Paolo Bonzini <pbonzini@xxxxxxxxxx> · Fri, 12 Nov 2021 10:31:42 +0100

On 11/12/21 09:28, David Woodhouse wrote:
I do not recall that we'd actually reached a conclusion that we *will*
make the gfn_to_pfn cache generally usable in that fashion. The latest
I knew of that discussion was my message at
https://lore.kernel.org/kvm/55a5d4e3fbd29dd55e276b97eeaefd0411b3290b.camel@xxxxxxxxxxxxx/
in which I said I'd be a whole lot happier with that if we could do it
with RCU instead of an rwlock — but I don't think we can because we'd
need to call synchronize_srcu() in the MMU notifier callback that might
not be permitted to sleep?

Why do you have a problem with the rwlock?  If it's per-cache, and it's 
mostly taken within vCPU context (with the exception of Xen), contention 
should be nonexistent.

I'm also slightly less comfortable with having the MMU notifier work
through an arbitrary *list* of gfn_to_pfn caches that it potentially
needs to invalidate, but that is very much a minor concern compared
with the first.

I started looking through the nested code which is the big user of this
facility.

Yes, that's also where I got stuck in my first attempt a few months ago. 
 I agree that it can be changed to use gfn-to-hva caches, except for 
the vmcs12->posted_intr_desc_addr and vmcs12->virtual_apic_page_addr.

Paolo

The important part of the gfn_to_pfn mapping as I've used it
for Xen event channel delivery is the fast path in the common case,
falling back to a slow path that needs to sleep, to revalidate the
mapping. That fast vs. slow path (with a workqueue) already existed for
irqfd delivery and I just needed to hook into it in the right places.

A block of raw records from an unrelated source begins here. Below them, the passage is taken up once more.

(* Let $q'>0$, $e'\in(0,1)$, $q_{\max}>0$, and let $\mathcal D_1=\{(e,\omega'):0\le e\le1,\ 0\le\omega'\le\pi\}$, $\mathcal D_2=\{(q,\omega):0<q\le q_{\max},\ 0\le\omega\le\pi/2\}$. For each $(q,\omega)\in\mathcal D_2$, $$\min_{(e,\omega')\in\mathcal D_1}\delta_{\rm nod}=\max\{0,\ \ell^\omega_{\rm int},\ \ell^\omega_{\rm ext}\},\qquad \max_{(e,\omega')\in\mathcal D_1}\delta_{\rm nod}=\max\{u^\omega_{\rm int},\ u^\omega_{\rm ext},\ u^\omega_{\rm link}\},$$ where $\ell^\omega_{\rm int}(q,\omega)=q'-\frac{2q}{1-\cos\omega}$ (equal to $-\infty$ at $\omega=0$), $\ell^\omega_{\rm ext}(q,\omega)=q-Q'$, $u^\omega_{\rm int}(q,\omega)=p'-q$, $$u^\omega_{\rm ext}(q,\omega)=\min\Big\{\frac{2q}{1-\cos\omega}-\frac{p'}{1-\hat\xi'_*},\ \frac{2q}{1+\cos\omega}-q'\Big\},\quad \hat\xi'_*=\min\{\xi'_*,e'\},\quad \xi'_*=\frac{4q\cos\omega}{p'\sin^2\omega+\sqrt{p'^2\sin^4\omega+16q^2\cos^2\omega}},$$ $$u^\omega_{\rm link}(q,\omega)=\min\Big\{Q'-\frac{q(1+\hat e_* )}{1+\hat e_*\cos\omega},\ \frac{2q}{1-\cos\omega}-q'\Big\},\quad \hat e_*=\max\{0,\min\{e_*,1\}\},$$ $$e_*(q,\omega)=\frac{2\big(p'-q(1-e'^2)\big)}{q(1-e'^2)+\sqrt{q^2(1-e'^2)^2+4p'\cos^2\omega\,\big(p'-q(1-e'^2)\big)}}.$$
   Context: For $q>0$, $e\in[0,1]$ and angles $\omega,\omega'$, define $r_{\pm}=\frac{q(1+e)}{1\pm e\cos\omega}$, $r'_{\pm}=\frac{q'(1+e')}{1\pm e'\cos\omega'}$ (extended-real value $+\infty$ allowed when a denominator vanishes; all functions may take values $\pm\infty$ as limits), $d^+=r'_+-r_+$, $d^-=r'_--r_-$, and the nodal distance $\delta_{\rm nod}(q,e,\omega,\omega')=\min\{|d^+|,|d^-|\}$. Also $p'=q'(1+e')$, $Q'=\frac{q'(1+e')}{1-e'}$. *)

theory Defs
  imports "HOL-Analysis.Analysis" "HOL-Library.Extended_Real"
begin

definition pdiv :: "real \<Rightarrow> real \<Rightarrow> ereal" where
  "pdiv a b = (if b = 0 then \<infinity> else ereal (a / b))"

definition r_plus :: "real \<Rightarrow> real \<Rightarrow> real \<Rightarrow> ereal" where
  "r_plus q e w = pdiv (q * (1 + e)) (1 + e * cos w)"

definition r_minus :: "real \<Rightarrow> real \<Rightarrow> real \<Rightarrow> ereal" where
  "r_minus q e w = pdiv (q * (1 + e)) (1 - e * cos w)"

definition delta_nod :: "real \<Rightarrow> real \<Rightarrow> real \<Rightarrow> real \<Rightarrow> real \<Rightarrow> real \<Rightarrow> ereal" where
  "delta_nod q' e' q e w w' =
     min \<bar>r_plus q' e' w' - r_plus q e w\<bar> \<bar>r_minus q' e' w' - r_minus q e w\<bar>"

definition p_prime :: "real \<Rightarrow> real \<Rightarrow> real" where
  "p_prime q' e' = q' * (1 + e')"

definition Q_prime :: "real \<Rightarrow> real \<Rightarrow> real" where
  "Q_prime q' e' = q' * (1 + e') / (1 - e')"

definition D1 :: "(real \<times> real) set" where
  "D1 = {(e, w'). 0 \<le> e \<and> e \<le> 1 \<and> 0 \<le> w' \<and> w' \<le> pi}"

definition l_int :: "real \<Rightarrow> real \<Rightarrow> real \<Rightarrow> real \<Rightarrow> ereal" where
  "l_int q' e' q w = ereal q' - pdiv (2 * q) (1 - cos w)"

definition l_ext :: "real \<Rightarrow> real \<Rightarrow> real \<Rightarrow> real \<Rightarrow> ereal" where
  "l_ext q' e' q w = ereal (q - Q_prime q' e')"

definition u_int :: "real \<Rightarrow> real \<Rightarrow> real \<Rightarrow> real \<Rightarrow> ereal" where
  "u_int q' e' q w = ereal (p_prime q' e' - q)"

definition xi_star :: "real \<Rightarrow> real \<Rightarrow> real \<Rightarrow> real \<Rightarrow> real" where
  "xi_star q' e' q w =
     4 * q * cos w / (p_prime q' e' * (sin w)^2
        + sqrt ((p_prime q' e')^2 * (sin w)^4 + 16 * q^2 * (cos w)^2))"

definition xi_hat :: "real \<Rightarrow> real \<Rightarrow> real \<Rightarrow> real \<Rightarrow> real" where
  "xi_hat q' e' q w = min (xi_star q' e' q w) e'"

definition u_ext :: "real \<Rightarrow> real \<Rightarrow> real \<Rightarrow> real \<Rightarrow> ereal" where
  "u_ext q' e' q w =
     min (pdiv (2 * q) (1 - cos w) - ereal (p_prime q' e' / (1 - xi_hat q' e' q w)))
         (pdiv (2 * q) (1 + cos w) - ereal q')"

definition e_star :: "real \<Rightarrow> real \<Rightarrow> real \<Rightarrow> real \<Rightarrow> real" where
  "e_star q' e' q w =
     2 * (p_prime q' e' - q * (1 - e'^2)) /
       (q * (1 - e'^2) + sqrt ((q * (1 - e'^2))^2
          + 4 * p_prime q' e' * (cos w)^2 * (p_prime q' e' - q * (1 - e'^2))))"

definition e_hat :: "real \<Rightarrow> real \<Rightarrow> real \<Rightarrow> real \<Rightarrow> real" where
  "e_hat q' e' q w = max 0 (min (e_star q' e' q w) 1)"

definition u_link :: "real \<Rightarrow> real \<Rightarrow> real \<Rightarrow> real \<Rightarrow> ereal" where
  "u_link q' e' q w =
     min (ereal (Q_prime q' e' - q * (1 + e_hat q' e' q w) / (1 + e_hat q' e' q w * cos w)))
         (pdiv (2 * q) (1 - cos w) - ereal q')"

end

theory Submission
  imports Defs
begin

text \<open>Write c = cos \<omega> and x = e' cos \<omega>' \<in> [-e', e']. The nodal radii of the second orbit,
  p'/(1 \<plusminus> x), lie in [q', Q']; those of the first, q(1+e)/(1 \<plusminus> e c), satisfy
  q \<le> r_+ \<le> r_- \<le> 2q/(1-c) and increase with e. This gives the lower bound at once, and it is
  attained at an extreme configuration or where the two orbits intersect. For the upper bound one
  splits by the signs of d^+ and d^-. If both are positive, delta_nod \<le> p' - q. If both are
  negative, delta_nod is at most min(2q/(1+c) - p'/(1+x), 2q/(1-c) - p'/(1-x)), an increasing and a
  decreasing function of x that balance at the root xi'_* of a quadratic. If the signs differ,
  delta_nod is at most min(Q' - r_+(e), r_-(e) - q'), which balances at e_*. Clipping these
  points to the admissible ranges gives the three candidates u. The case \<omega> = 0 is separate
  because r_- is infinite for e = 1.\<close>


text \<open>r_+ and r_- of the first orbit as real functions of c = cos \<omega>; they stay finite
  except for c = 1, e = 1.\<close>
definition rad_plus :: "real \<Rightarrow> real \<Rightarrow> real \<Rightarrow> real" where
  "rad_plus q c e = q * (1 + e) / (1 + e * c)"

definition rad_minus :: "real \<Rightarrow> real \<Rightarrow> real \<Rightarrow> real" where
  "rad_minus q c e = q * (1 + e) / (1 - e * c)"

lemma rad_plus_0 [simp]: "rad_plus q c 0 = q"
  and rad_minus_0 [simp]: "rad_minus q c 0 = q"
  and rad_plus_1 [simp]: "rad_plus q c 1 = 2 * q / (1 + c)"
  and rad_minus_1 [simp]: "rad_minus q c 1 = 2 * q / (1 - c)"
  by (simp_all add: rad_plus_def rad_minus_def)

lemma mult_lt_1_of_le_1:
  fixes e c :: real
  assumes "0 \<le> e" "e \<le> 1" "0 \<le> c" "c < 1"
  shows "e * c < 1"
  using mult_left_le_one_le[OF assms(3) assms(1,2)] assms(4) by linarith

lemma rad_plus_bounds:
  fixes q c e :: real
  assumes "0 < q" "0 \<le> c" "c \<le> 1" "0 \<le> e" "e \<le> 1"
  shows "q \<le> rad_plus q c e" "rad_plus q c e \<le> 2 * q / (1 + c)"
proof -
  have pos: "0 < 1 + e * c" "0 < 1 + c" using assms by (auto intro: add_pos_nonneg)
  have "q * (1 + e * c) \<le> q * (1 + e)"
    using assms mult_left_le[of c e] by (intro mult_left_mono) auto
  then show "q \<le> rad_plus q c e" using pos by (simp add: rad_plus_def le_divide_eq)
  have "0 \<le> q * ((1 - e) * (1 - c))" using assms by simp
  then show "rad_plus q c e \<le> 2 * q / (1 + c)"
    using pos by (simp add: rad_plus_def field_simps)
qed

lemma rad_minus_bounds:
  fixes q c e :: real
  assumes "0 < q" "0 \<le> c" "c < 1" "0 \<le> e" "e \<le> 1"
  shows "q \<le> rad_minus q c e" "rad_minus q c e \<le> 2 * q / (1 - c)"
proof -
  have "0 < 1 - e * c" using mult_lt_1_of_le_1 assms by simp
  moreover have "0 \<le> e * c" "0 \<le> q * ((1 - e) * (1 + c))" using assms by simp_all
  ultimately show "q \<le> rad_minus q c e" "rad_minus q c e \<le> 2 * q / (1 - c)"
    using assms unfolding rad_minus_def by (simp_all add: field_simps)
qed

lemma rad_plus_le_rad_minus:
  fixes q c e :: real
  assumes "0 < q" "0 \<le> c" "c < 1" "0 \<le> e" "e \<le> 1"
  shows "rad_plus q c e \<le> rad_minus q c e"
proof -
  have "0 < 1 - e * c" using mult_lt_1_of_le_1 assms by simp
  moreover have "0 \<le> e * c" using assms by simp
  ultimately have "1 - e * c \<le> 1 + e * c" "0 < (1 + e * c) * (1 - e * c)" by simp_all
  then show ?thesis
    unfolding rad_plus_def rad_minus_def using assms by (intro divide_left_mono) auto
qed

lemma rad_plus_mono:
  fixes q c e1 e2 :: real
  assumes "0 < q" "0 \<le> c" "c \<le> 1" "0 \<le> e1" "e1 \<le> e2"
  shows "rad_plus q c e1 \<le> rad_plus q c e2"
proof -
  have "0 < 1 + e1 * c" "0 < 1 + e2 * c" using assms by (auto intro: add_pos_nonneg)
  moreover have "0 \<le> q * ((e2 - e1) * (1 - c))" using assms by simp
  ultimately show ?thesis unfolding rad_plus_def by (simp add: field_simps)
qed

lemma rad_minus_mono:
  fixes q c e1 e2 :: real
  assumes "0 < q" "0 \<le> c" "c < 1" "0 \<le> e1" "e1 \<le> e2" "e2 \<le> 1"
  shows "rad_minus q c e1 \<le> rad_minus q c e2"
proof -
  have "0 < 1 - e1 * c" "0 < 1 - e2 * c" using mult_lt_1_of_le_1 assms by simp_all
  moreover have "0 \<le> q * ((e2 - e1) * (1 + c))" using assms by simp
  ultimately show ?thesis unfolding rad_minus_def by (simp add: field_simps)
qed

lemma rad_minus_surj:
  fixes q c v :: real
  assumes "0 < q" "0 \<le> c" "q \<le> v" "v * (1 - c) \<le> 2 * q"
  obtains e where "0 \<le> e" "e \<le> 1" "e * c < 1" "rad_minus q c e = v"
proof
  define e where "e = (v - q) / (q + v * c)"
  have den: "0 < q + v * c" using assms by (auto intro: add_pos_nonneg)
  show "0 \<le> e" "e \<le> 1" using assms den by (simp_all add: e_def field_simps)
  have "1 - e * c = q * (1 + c) / (q + v * c)" "1 + e = v * (1 + c) / (q + v * c)"
    using den by (simp_all add: e_def field_simps)
  moreover have "0 < q * (1 + c) / (q + v * c)" using assms den by simp
  ultimately show "e * c < 1" "rad_minus q c e = v"
    using assms den by (linarith, simp add: rad_minus_def)
qed

lemma outer_radius_bounds:
  fixes q' e' x :: real
  assumes "0 < q'" "e' < 1" "-e' \<le> x" "x \<le> e'"
  shows "q' \<le> p_prime q' e' / (1 + x)" "p_prime q' e' / (1 + x) \<le> Q_prime q' e'"
proof -
  have "0 < 1 + x" "0 < 1 - e'" using assms by auto
  moreover have "q' * (1 + x) \<le> q' * (1 + e')" "q' * (1 + e') * (1 - e') \<le> q' * (1 + e') * (1 + x)"
    using assms by (intro mult_left_mono; simp)+
  ultimately show "q' \<le> p_prime q' e' / (1 + x)" "p_prime q' e' / (1 + x) \<le> Q_prime q' e'"
    by (simp_all add: p_prime_def Q_prime_def field_simps)
qed

lemma outer_radius_extremes:
  fixes q' e' :: real
  assumes "0 < q'" "0 < e'" "e' < 1"
  shows "p_prime q' e' / (1 + e') = q'" "p_prime q' e' / (1 - e') = Q_prime q' e'" "q' < Q_prime q' e'"
  using assms by (simp_all add: p_prime_def Q_prime_def field_simps)

lemma outer_radius_surj:
  fixes q' e' v :: real
  assumes "0 < q'" "0 < e'" "e' < 1" "q' \<le> v" "v \<le> Q_prime q' e'"
  obtains x where "-e' \<le> x" "x \<le> e'" "p_prime q' e' / (1 - x) = v"
proof
  define x where "x = 1 - p_prime q' e' / v"
  have v: "0 < v" "v * (1 - e') \<le> p_prime q' e'"
    using assms by (simp_all add: Q_prime_def p_prime_def le_divide_eq mult.commute)
  have "p_prime q' e' \<le> (1 + e') * v" using assms by (simp add: p_prime_def mult.commute mult_right_mono)
  then show "-e' \<le> x" "x \<le> e'"
    using assms v by (simp_all add: x_def p_prime_def field_simps)
  have "0 < p_prime q' e'" using assms by (simp add: p_prime_def)
  then show "p_prime q' e' / (1 - x) = v" using v by (simp add: x_def)
qed

text \<open>The root of a y^2 + b y = k in the cancellation-free form in which the paper
  writes xi'_* and e_*.\<close>
lemma quadratic_root_stable:
  fixes a b k :: real
  assumes "0 < b" "0 \<le> b\<^sup>2 + 4 * a * k"
  defines "y \<equiv> 2 * k / (b + sqrt (b\<^sup>2 + 4 * a * k))"
  shows "a * y\<^sup>2 + b * y = k" "0 \<le> y \<longleftrightarrow> 0 \<le> k"
proof -
  define S where "S = sqrt (b\<^sup>2 + 4 * a * k)"
  have S: "S\<^sup>2 = b\<^sup>2 + 4 * a * k" "0 \<le> S" using assms(2) by (simp_all add: S_def)
  have den: "0 < b + S" using assms(1) S(2) by linarith
  have y: "y = 2 * k / (b + S)" by (simp add: y_def S_def)
  have yS: "y * (b + S) = 2 * k" using den by (simp add: y)
  have "(a * y\<^sup>2 + b * y - k) * (b + S)\<^sup>2
      = a * (y * (b + S))\<^sup>2 + b * (y * (b + S)) * (b + S) - k * (b + S)\<^sup>2"
    by (simp add: algebra_simps power2_eq_square)
  also have "\<dots> = k * (b\<^sup>2 + 4 * a * k - S\<^sup>2)"
    unfolding yS by (simp add: algebra_simps power2_eq_square)
  finally show "a * y\<^sup>2 + b * y = k" using S(1) den by simp
  show "0 \<le> y \<longleftrightarrow> 0 \<le> k" using den by (simp add: y zero_le_divide_iff)
qed

lemma quadratic_mono_nonneg:
  fixes a b y z :: real
  assumes "0 \<le> a" "0 \<le> b" "0 \<le> y" "y \<le> z"
  shows "a * y\<^sup>2 + b * y \<le> a * z\<^sup>2 + b * z"
  using assms by (intro add_mono mult_left_mono power_mono) auto

lemma xi_balance_identity:
  fixes q p c y :: real
  assumes "\<bar>c\<bar> < 1" "\<bar>y\<bar> < 1"
  shows "(2 * q / (1 - c) - p / (1 - y)) - (2 * q / (1 + c) - p / (1 + y))
    = -2 * (2 * q * c * y\<^sup>2 + p * (1 - c\<^sup>2) * y - 2 * q * c) / ((1 - c\<^sup>2) * (1 - y\<^sup>2))"
proof -
  have "0 < 1 - c" "0 < 1 + c" "0 < 1 - y" "0 < 1 + y" using assms by auto
  moreover have "(1 - c\<^sup>2) * (1 - y\<^sup>2) = ((1 - c) * (1 + c)) * ((1 - y) * (1 + y))"
    by (simp add: algebra_simps power2_eq_square)
  ultimately show ?thesis by (simp add: divide_simps) (simp add: algebra_simps power2_eq_square)
qed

I didn't see anything in nested code that would benefit from that same
setup, and AFAICT it should all be running with current->mm == kvm->mm
so surely it ought to be able to just access things using the userspace
HVA and sleep if necessary?

(There's an *entirely* gratuitous one in nested_cache_shadow_vmcs12()
which does a map/memcpy/unmap that really ought to be kvm_read_guest().
I'll send a patch for that shortly)